(Stored data entries)
lemma alpha_poly_eq_sum_tableaux:
  "alpha_poly n p t = (\<Sum>T\<in>{T. tableau n p T \<and> saturated T}. t ^ card T)"
proof -
  let ?Tabs = "{T. tableau n p T \<and> saturated T}"
  have fin: "finite ?Tabs"
    by (rule finite_subset[of _ "Pow ({0..<n} \<times> {0..<p})"]) (auto simp: tableau_def)
  have "card T \<le> n * p" if "T \<in> ?Tabs" for T
    using that card_mono[of "{0..<n} \<times> {0..<p}" T] by (auto simp: tableau_def card_cartesian_product)
  then have "(\<Sum>T\<in>?Tabs. t ^ card T) = (\<Sum>j\<le>n * p. \<Sum>T\<in>{T \<in> ?Tabs. card T = j}. t ^ card T)"
    using fin by (intro sum.group[symmetric]) auto
  also have "\<dots> = alpha_poly n p t"
    unfolding alpha_poly_def alpha_coeff_def by (intro sum.cong refl) simp
  finally show ?thesis ..
qed

definition tableau_columns :: "nat \<Rightarrow> (nat \<times> nat) set \<Rightarrow> column_system" where
  "tableau_columns p T y = (if y < p then Some {x. (x, y) \<in> T} else undefined)"

definition tableau_of_columns :: "nat \<Rightarrow> column_system \<Rightarrow> (nat \<times> nat) set" where
  "tableau_of_columns p R = {(x, y). y < p \<and> x \<in> the (R y)}"

lemma tableau_columns_in_column_systems:
  assumes "tableau n p T" "saturated T"
  shows "tableau_columns p T \<in> column_systems p {0..<n}"
proof (rule column_systemsI)
  show "tableau_columns p T y = undefined" if "p \<le> y" for y
    using that by (simp add: tableau_columns_def)
  show "S \<subseteq> {0..<n}" if "y < p" "tableau_columns p T y = Some S" for y S
    using that assms(1) by (auto simp: tableau_columns_def tableau_def)
  show "S = S' \<or> S \<inter> S' = {}"
    if "y < p" "y' < p" "tableau_columns p T y = Some S" "tableau_columns p T y' = Some S'" for y y' S S'
    using that assms(2) by (auto simp: tableau_columns_def saturated_iff_columns_eq_or_disjoint)
qed

lemma tableau_of_columns_saturated:
  assumes R: "R \<in> column_systems p {0..<n}" and "\<forall>y<p. R y \<noteq> None"
  shows "tableau n p (tableau_of_columns p R)" "saturated (tableau_of_columns p R)"
proof -
  have R_some: "R y = Some (the (R y))" if "y < p" for y
    using assms(2) that by simp
  show "tableau n p (tableau_of_columns p R)"
    using column_systems_subset[OF R _ R_some] by (auto simp: tableau_def tableau_of_columns_def)
  have cols: "{x. (x, y) \<in> tableau_of_columns p R} = (if y < p then the (R y) else {})" for y
    by (auto simp: tableau_of_columns_def)
  show "saturated (tableau_of_columns p R)"
    unfolding saturated_iff_columns_eq_or_disjoint cols
    using column_systems_eq_or_disjoint[OF R _ _ R_some R_some] by auto
qed

lemma bij_betw_tableau_columns:
  "bij_betw (tableau_columns p) {T. tableau n p T \<and> saturated T}
    {R \<in> column_systems p {0..<n}. \<forall>y<p. R y \<noteq> None}"
proof (rule bij_betw_byWitness[where f' = "tableau_of_columns p"])
  show "\<forall>T\<in>{T. tableau n p T \<and> saturated T}. tableau_of_columns p (tableau_columns p T) = T"
    by (auto simp: tableau_of_columns_def tableau_columns_def tableau_def)
  show "\<forall>R\<in>{R \<in> column_systems p {0..<n}. \<forall>y<p. R y \<noteq> None}.
      tableau_columns p (tableau_of_columns p R) = R"
    by (auto simp: tableau_of_columns_def tableau_columns_def fun_eq_iff column_systems_undefined)
  show "tableau_columns p ` {T. tableau n p T \<and> saturated T}
      \<subseteq> {R \<in> column_systems p {0..<n}. \<forall>y<p. R y \<noteq> None}"
    by (auto simp: tableau_columns_in_column_systems) (simp add: tableau_columns_def)
  show "tableau_of_columns p ` {R \<in> column_systems p {0..<n}. \<forall>y<p. R y \<noteq> None}
      \<subseteq> {T. tableau n p T \<and> saturated T}"
    using tableau_of_columns_saturated by blast
qed

lemma weighted_systems_eq_alpha_poly: "weighted_systems p t {0..<n} 0 = alpha_poly n p t"
proof -
  let ?full = "{R \<in> column_systems p {0..<n}. \<forall>y<p. R y \<noteq> None}"
  have "weighted_systems p t {0..<n} 0 = (\<Sum>R\<in>?full. \<Prod>y<p. column_weight t 0 (R y))"
    unfolding weighted_systems_def
  proof (rule sum.mono_neutral_right)
    show "\<forall>R\<in>column_systems p {0..<n} - ?full. (\<Prod>y<p. column_weight t 0 (R y)) = 0"
    proof
      fix R assume "R \<in> column_systems p {0..<n} - ?full"
      then obtain y where "y < p" "R y = None"
        by blast
      then show "(\<Prod>y<p. column_weight t 0 (R y)) = 0"
        by (intro prod_zero) (auto intro!: bexI[of _ y])
    qed
  qed (auto simp: finite_column_systems)
  also have "\<dots> = (\<Sum>T\<in>{T. tableau n p T \<and> saturated T}.
      \<Prod>y<p. column_weight t 0 (tableau_columns p T y))"
    by (rule sum.reindex_bij_betw[OF bij_betw_tableau_columns, symmetric])
  also have "\<dots> = (\<Sum>T\<in>{T. tableau n p T \<and> saturated T}. t ^ card T)"
  proof (intro sum.cong refl)
    fix T assume "T \<in> {T. tableau n p T \<and> saturated T}"
    then have "finite T" "T \<subseteq> UNIV \<times> {..<p}"
      by (auto simp: tableau_def intro: finite_subset[of _ "{0..<n} \<times> {0..<p}"])
    then show "(\<Prod>y<p. column_weight t 0 (tableau_columns p T y)) = t ^ card T"
      by (simp add: card_eq_sum_columns tableau_columns_def power_sum)
  qed
  also have "\<dots> = alpha_poly n p t"
    by (rule alpha_poly_eq_sum_tableaux[symmetric])
  finally show ?thesis .
qed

The task: Every line above should be written out again exactly as it stands.

Result:
lemma alpha_poly_eq_sum_tableaux:
  "alpha_poly n p t = (\<Sum>T\<in>{T. tableau n p T \<and> saturated T}. t ^ card T)"
proof -
  let ?Tabs = "{T. tableau n p T \<and> saturated T}"
  have fin: "finite ?Tabs"
    by (rule finite_subset[of _ "Pow ({0..<n} \<times> {0..<p})"]) (auto simp: tableau_def)
  have "card T \<le> n * p" if "T \<in> ?Tabs" for T
    using that card_mono[of "{0..<n} \<times> {0..<p}" T] by (auto simp: tableau_def card_cartesian_product)
  then have "(\<Sum>T\<in>?Tabs. t ^ card T) = (\<Sum>j\<le>n * p. \<Sum>T\<in>{T \<in> ?Tabs. card T = j}. t ^ card T)"
    using fin by (intro sum.group[symmetric]) auto
  also have "\<dots> = alpha_poly n p t"
    unfolding alpha_poly_def alpha_coeff_def by (intro sum.cong refl) simp
  finally show ?thesis ..
qed

definition tableau_columns :: "nat \<Rightarrow> (nat \<times> nat) set \<Rightarrow> column_system" where
  "tableau_columns p T y = (if y < p then Some {x. (x, y) \<in> T} else undefined)"

definition tableau_of_columns :: "nat \<Rightarrow> column_system \<Rightarrow> (nat \<times> nat) set" where
  "tableau_of_columns p R = {(x, y). y < p \<and> x \<in> the (R y)}"

lemma tableau_columns_in_column_systems:
  assumes "tableau n p T" "saturated T"
  shows "tableau_columns p T \<in> column_systems p {0..<n}"
proof (rule column_systemsI)
  show "tableau_columns p T y = undefined" if "p \<le> y" for y
    using that by (simp add: tableau_columns_def)
  show "S \<subseteq> {0..<n}" if "y < p" "tableau_columns p T y = Some S" for y S
    using that assms(1) by (auto simp: tableau_columns_def tableau_def)
  show "S = S' \<or> S \<inter> S' = {}"
    if "y < p" "y' < p" "tableau_columns p T y = Some S" "tableau_columns p T y' = Some S'" for y y' S S'
    using that assms(2) by (auto simp: tableau_columns_def saturated_iff_columns_eq_or_disjoint)
qed

lemma tableau_of_columns_saturated:
  assumes R: "R \<in> column_systems p {0..<n}" and "\<forall>y<p. R y \<noteq> None"
  shows "tableau n p (tableau_of_columns p R)" "saturated (tableau_of_columns p R)"
proof -
  have R_some: "R y = Some (the (R y))" if "y < p" for y
    using assms(2) that by simp
  show "tableau n p (tableau_of_columns p R)"
    using column_systems_subset[OF R _ R_some] by (auto simp: tableau_def tableau_of_columns_def)
  have cols: "{x. (x, y) \<in> tableau_of_columns p R} = (if y < p then the (R y) else {})" for y
    by (auto simp: tableau_of_columns_def)
  show "saturated (tableau_of_columns p R)"
    unfolding saturated_iff_columns_eq_or_disjoint cols
    using column_systems_eq_or_disjoint[OF R _ _ R_some R_some] by auto
qed

lemma bij_betw_tableau_columns:
  "bij_betw (tableau_columns p) {T. tableau n p T \<and> saturated T}
    {R \<in> column_systems p {0..<n}. \<forall>y<p. R y \<noteq> None}"
proof (rule bij_betw_byWitness[where f' = "tableau_of_columns p"])
  show "\<forall>T\<in>{T. tableau n p T \<and> saturated T}. tableau_of_columns p (tableau_columns p T) = T"
    by (auto simp: tableau_of_columns_def tableau_columns_def tableau_def)
  show "\<forall>R\<in>{R \<in> column_systems p {0..<n}. \<forall>y<p. R y \<noteq> None}.
      tableau_columns p (tableau_of_columns p R) = R"
    by (auto simp: tableau_of_columns_def tableau_columns_def fun_eq_iff column_systems_undefined)
  show "tableau_columns p ` {T. tableau n p T \<and> saturated T}
      \<subseteq> {R \<in> column_systems p {0..<n}. \<forall>y<p. R y \<noteq> None}"
    by (auto simp: tableau_columns_in_column_systems) (simp add: tableau_columns_def)
  show "tableau_of_columns p ` {R \<in> column_systems p {0..<n}. \<forall>y<p. R y \<noteq> None}
      \<subseteq> {T. tableau n p T \<and> saturated T}"
    using tableau_of_columns_saturated by blast
qed

lemma weighted_systems_eq_alpha_poly: "weighted_systems p t {0..<n} 0 = alpha_poly n p t"
proof -
  let ?full = "{R \<in> column_systems p {0..<n}. \<forall>y<p. R y \<noteq> None}"
  have "weighted_systems p t {0..<n} 0 = (\<Sum>R\<in>?full. \<Prod>y<p. column_weight t 0 (R y))"
    unfolding weighted_systems_def
  proof (rule sum.mono_neutral_right)
    show "\<forall>R\<in>column_systems p {0..<n} - ?full. (\<Prod>y<p. column_weight t 0 (R y)) = 0"
    proof
      fix R assume "R \<in> column_systems p {0..<n} - ?full"
      then obtain y where "y < p" "R y = None"
        by blast
      then show "(\<Prod>y<p. column_weight t 0 (R y)) = 0"
        by (intro prod_zero) (auto intro!: bexI[of _ y])
    qed
  qed (auto simp: finite_column_systems)
  also have "\<dots> = (\<Sum>T\<in>{T. tableau n p T \<and> saturated T}.
      \<Prod>y<p. column_weight t 0 (tableau_columns p T y))"
    by (rule sum.reindex_bij_betw[OF bij_betw_tableau_columns, symmetric])
  also have "\<dots> = (\<Sum>T\<in>{T. tableau n p T \<and> saturated T}. t ^ card T)"
  proof (intro sum.cong refl)
    fix T assume "T \<in> {T. tableau n p T \<and> saturated T}"
    then have "finite T" "T \<subseteq> UNIV \<times> {..<p}"
      by (auto simp: tableau_def intro: finite_subset[of _ "{0..<n} \<times> {0..<p}"])
    then show "(\<Prod>y<p. column_weight t 0 (tableau_columns p T y)) = t ^ card T"
      by (simp add: card_eq_sum_columns tableau_columns_def power_sum)
  qed
  also have "\<dots> = alpha_poly n p t"
    by (rule alpha_poly_eq_sum_tableaux[symmetric])
  finally show ?thesis .
qed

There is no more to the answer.